European Union states have different regimes for handling dealer conversations which could make it easy for abuse to take place in a less regulated country. The United States does not require taping.
“There is potential for gaming,” Stephen Hanks, a policy manager at the Financial Services Authority said.
“The European Union is now looking at harmonising the rules,” he told reporters at a roundtable organised by Research in Motion.
Jocelyn McCafferty of the FSA investments policy unit said it was unlikely any future EU decision would force the watchdog to alter its plans.
The watchdog has required firms to record conversations on fixed-line telephones for the last year. Mobile phones had been excluded, but the regulator said technology had advanced enough to include them and remove a loophole in the rules.
Hanks said the FSA would be looking for evidence that firms were trying to complete some deals outside Britain. Sanctions for breach of the proposed rule would range from public censure to a fine of an individual or firm.

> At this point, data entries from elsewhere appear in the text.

lemma subset_op_adjoint_op_adjoint: "A \<subseteq> op_adjoint (op_adjoint A)"
proof (clarify)
  fix g h assume "(g, h) \<in> A"
  then have "cinner k g = cinner f h" if "(f, k) \<in> op_adjoint A" for f k
  proof -
    have "cinner h f = cinner g k"
      using that \<open>(g, h) \<in> A\<close> unfolding op_adjoint_def by auto
    then show ?thesis
      by (metis cinner_conj)
  qed
  then show "(g, h) \<in> op_adjoint (op_adjoint A)"
    unfolding op_adjoint_def by auto
qed

lemma op_adjoint_closure: "op_adjoint (closure A) = op_adjoint A"
proof
  show "op_adjoint (closure A) \<subseteq> op_adjoint A"
    by (rule op_adjoint_antimono) (rule closure_subset)
  show "op_adjoint A \<subseteq> op_adjoint (closure A)"
  proof
    fix q assume q: "q \<in> op_adjoint A"
    obtain g h where gh: "q = (g, h)" by (cases q)
    define C where "C = {x. cinner (snd x) g - cinner (fst x) h = 0}"
    have "closed C"
      unfolding C_def by (intro closed_Collect_eq continuous_intros)
    moreover have "A \<subseteq> C"
      using q gh unfolding C_def op_adjoint_def by auto
    ultimately have "closure A \<subseteq> C"
      by (simp add: closure_minimal)
    then show "q \<in> op_adjoint (closure A)"
      using gh unfolding C_def op_adjoint_def by auto
  qed
qed

lemma orthogonal_to_graph_op_adjoint:
  assumes "\<And>x y. (x, y) \<in> A \<Longrightarrow> cinner u x + cinner v y = 0"
  shows "(v, - u) \<in> op_adjoint A"
  unfolding op_adjoint_def
proof (clarify)
  fix x y assume "(x, y) \<in> A"
  then have "cinner v y = - cinner u x"
    using assms by (simp add: eq_neg_iff_add_eq_0 add.commute)
  then show "cinner y v = cinner x (- u)"
    by (metis cinner_conj cinner_minus_right complex_cnj_minus)
qed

The FSA said in March it wants to tape all “relevant communications” carried out by staff on company-issued cellphones or other mobile handheld electronic communication devices.
Roger Tym of Lovells lawfirm said the measure raised territorial issues such as when a UK registered trader is abroad when concluding a transaction with a client over a mobile phone.
“There are benefits such as making traders more mobile, having a better trail to fight claims from clients, and it would discourage employees from abusing a company phone,” Tym said.
Hanks said some investment banks have already banned the use of mobile phones on trading floors and it was not clear if this ban would be lifted if the new rule is introduced.
The widening of the telephone recording rule to include mobile calls would cover about 16,000 phones and would cost the industry about £11 million to set up, and about £18 million a year to maintain, the FSA has estimated.
Records of the conversations taped from fixed and mobile calls would have to be kept for six months.
The FSA’s latest insider dealing cases date back several years but Hanks said that typically abuse is spotted in time to allow tapes of conversations to be seized early on in a probe.
Firms should take “reasonable steps” to ensure bankers and traders do not carry out such communication on private phones, which cannot be recorded for privacy reasons, the FSA has said.